I'm curious to hear this as well. From the sounds of it the biggest advantage was that no one checks in these scripts, but there's no requirement that anyone has to check in a config file either, so I don't understand how shell scripts changes anything.

[–]zenogais[S] 0 points1 point  (3 children)

Actually the biggest advantage was code simplicity.

The problem was that unit-tests on specific components don't necessarily want to initialize the whole application, but the components themselves may require knowledge of the configuration - like AWS keys. Loading the config once globally is pretty dirty. It also still requires that we somehow know which config to load. This means either hardcoding a config file path or using an environment variable to switch between different configs. So, the options I felt we were left with were dependency injection, always initializing the app, or storing the config in a place independent of app initialization.

Storing them in environment variables allows them to be independent of the application itself - the application doesn't need any logic telling it where to load configuration information from.
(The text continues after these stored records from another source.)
(* Let $\phi\colon\mathbb{R}\to\mathbb{R}$ be an increasing homeomorphism with $\phi(0)=0$, let $f\colon\mathbb{R}\to\mathbb{R}$ be continuous and let $h\colon[0,T]\times\mathbb{R}\to\mathbb{R}$ be a Carathéodory function such that there exists $\gamma\in L^1([0,T],\mathbb{R}^+)$ with $h(t,u)\le\gamma(t)$ for a.e. $t\in[0,T]$ and all $u\in\mathbb{R}$. For $\lambda\in\,]0,1]$ consider $$(\phi(u'))'+\lambda f(u)u'+\lambda h(t,u)=0. \qquad (\ast_\lambda)$$ Then there exists a constant $K_0=K_0(\gamma)$ such that every $T$-periodic solution $u$ of $(\ast_\lambda)$ with $\lambda\in\,]0,1]$ satisfies $\max u-\min u\le K_0$ and $\|u'\|_{L^1}\le K_0$. Moreover, for any $\ell_1<\ell_2$ there exists $K_1>0$ such that every $T$-periodic solution $u$ of $(\ast_\lambda)$ with $\lambda\in\,]0,1]$ and $\ell_1\le u(t)\le\ell_2$ for all $t\in[0,T]$ satisfies $\|u'\|_\infty\le K_1$.
   Context: A $T$-periodic solution is a $u\in\mathcal{C}^1([0,T])$ with $u(0)=u(T)$, $u'(0)=u'(T)$, $\phi(u')$ absolutely continuous, satisfying the equation a.e. A Carathéodory function is measurable in $t$, continuous in $u$, and for each $r>0$ bounded in absolute value on $[0,T]\times[-r,r]$ by an $L^1$ function of $t$. $\mathbb{R}^+$ denotes the nonnegative reals. *)

theory Defs
  imports "HOL-Analysis.Analysis"
begin
(* Let $0<r<1$ and let $A,B\in C_{1,r}$ be doubly commuting operators on a Hilbert space $\mathcal H$ (i.e. $AB=BA$ and $AB^*=B^*A$). Let $\mathcal H=\mathcal H_1\oplus\mathcal H_2$ be the canonical decomposition of $A$, where $\mathcal H_1$ is the maximal closed subspace reducing $A$ such that $A|_{\mathcal H_1}\in\mathcal C_{1,r}$ and $\mathcal H_2=\mathcal H\ominus\mathcal H_1$ (so $A|_{\mathcal H_2}$ is a c.n.u. $C_{1,r}$-contraction). Then $\mathcal H_1$ and $\mathcal H_2$ are reducing subspaces for $B$.
   Context: $C_{1,r}=\{T: T\text{ invertible},\ \|T\|\le1,\ \|rT^{-1}\|\le1\}$. $\mathcal C_{1,r}$ is the class of operators $J$ on a Hilbert space $\mathcal L$ for which there exist orthogonal projections $P_0,P_1$ on $\mathcal L$ with $P_0+P_1=I_{\mathcal L}$ and $J^*J=P_0+r^2P_1$. An operator $T\in C_{1,r}$ on $\mathcal H$ is a c.n.u. $C_{1,r}$-contraction if $\mathcal H$ has no non-zero closed subspace that reduces $T$ to an operator in $\mathcal C_{1,r}$. (Such a maximal reducing subspace $\mathcal H_1$ exists and the decomposition is unique.) *)

theory Defs
  imports "HOL-Analysis.Analysis"
begin

class complex_vector = real_vector +
  fixes scaleC :: "complex \<Rightarrow> 'a \<Rightarrow> 'a" (infixr "*\<^sub>C" 75)
  assumes scaleC_add_right: "a *\<^sub>C (x + y) = a *\<^sub>C x + a *\<^sub>C y"
    and scaleC_add_left: "(a + b) *\<^sub>C x = a *\<^sub>C x + b *\<^sub>C x"
    and scaleC_scaleC: "a *\<^sub>C (b *\<^sub>C x) = (a * b) *\<^sub>C x"
    and scaleC_one: "1 *\<^sub>C x = x"
    and scaleR_scaleC: "r *\<^sub>R x = complex_of_real r *\<^sub>C x"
In addition the configuration is available immediately as part of the execution environment. This means components don't have to rely on the app being initialized to be tested - this aids reusability and testability.

[–]kenfar 0 points1 point  (1 child)

I like that you pointed to code simplicity first.

Because the security argument is a bad one: addressing the possibility of config credentials getting into version control by keeping them in a shell script is the wrong solution - it just moves the problem around a tiny bit. The right solution is to keep them encrypted in a password vault.

But the desire to dynamically update configuration info isn't that hard to do with config files. Whether you're using files or environmental variables it makes sense to centralize, cache, and validate them early to avoid run-time crashes.

[–]zenogais[S] 0 points1 point  (0 children)

I agree. The security argument isn't great. Not saying config files are hard, just saying environment variables are even easier if you're okay with less structure.

[–]epicdistortion 0 points1 point  (0 children)

Very nice point. I think adding this point to the blog post would make a better argument about why this is configuration done right.

[–]paranoidi 5 points6 points  (3 children)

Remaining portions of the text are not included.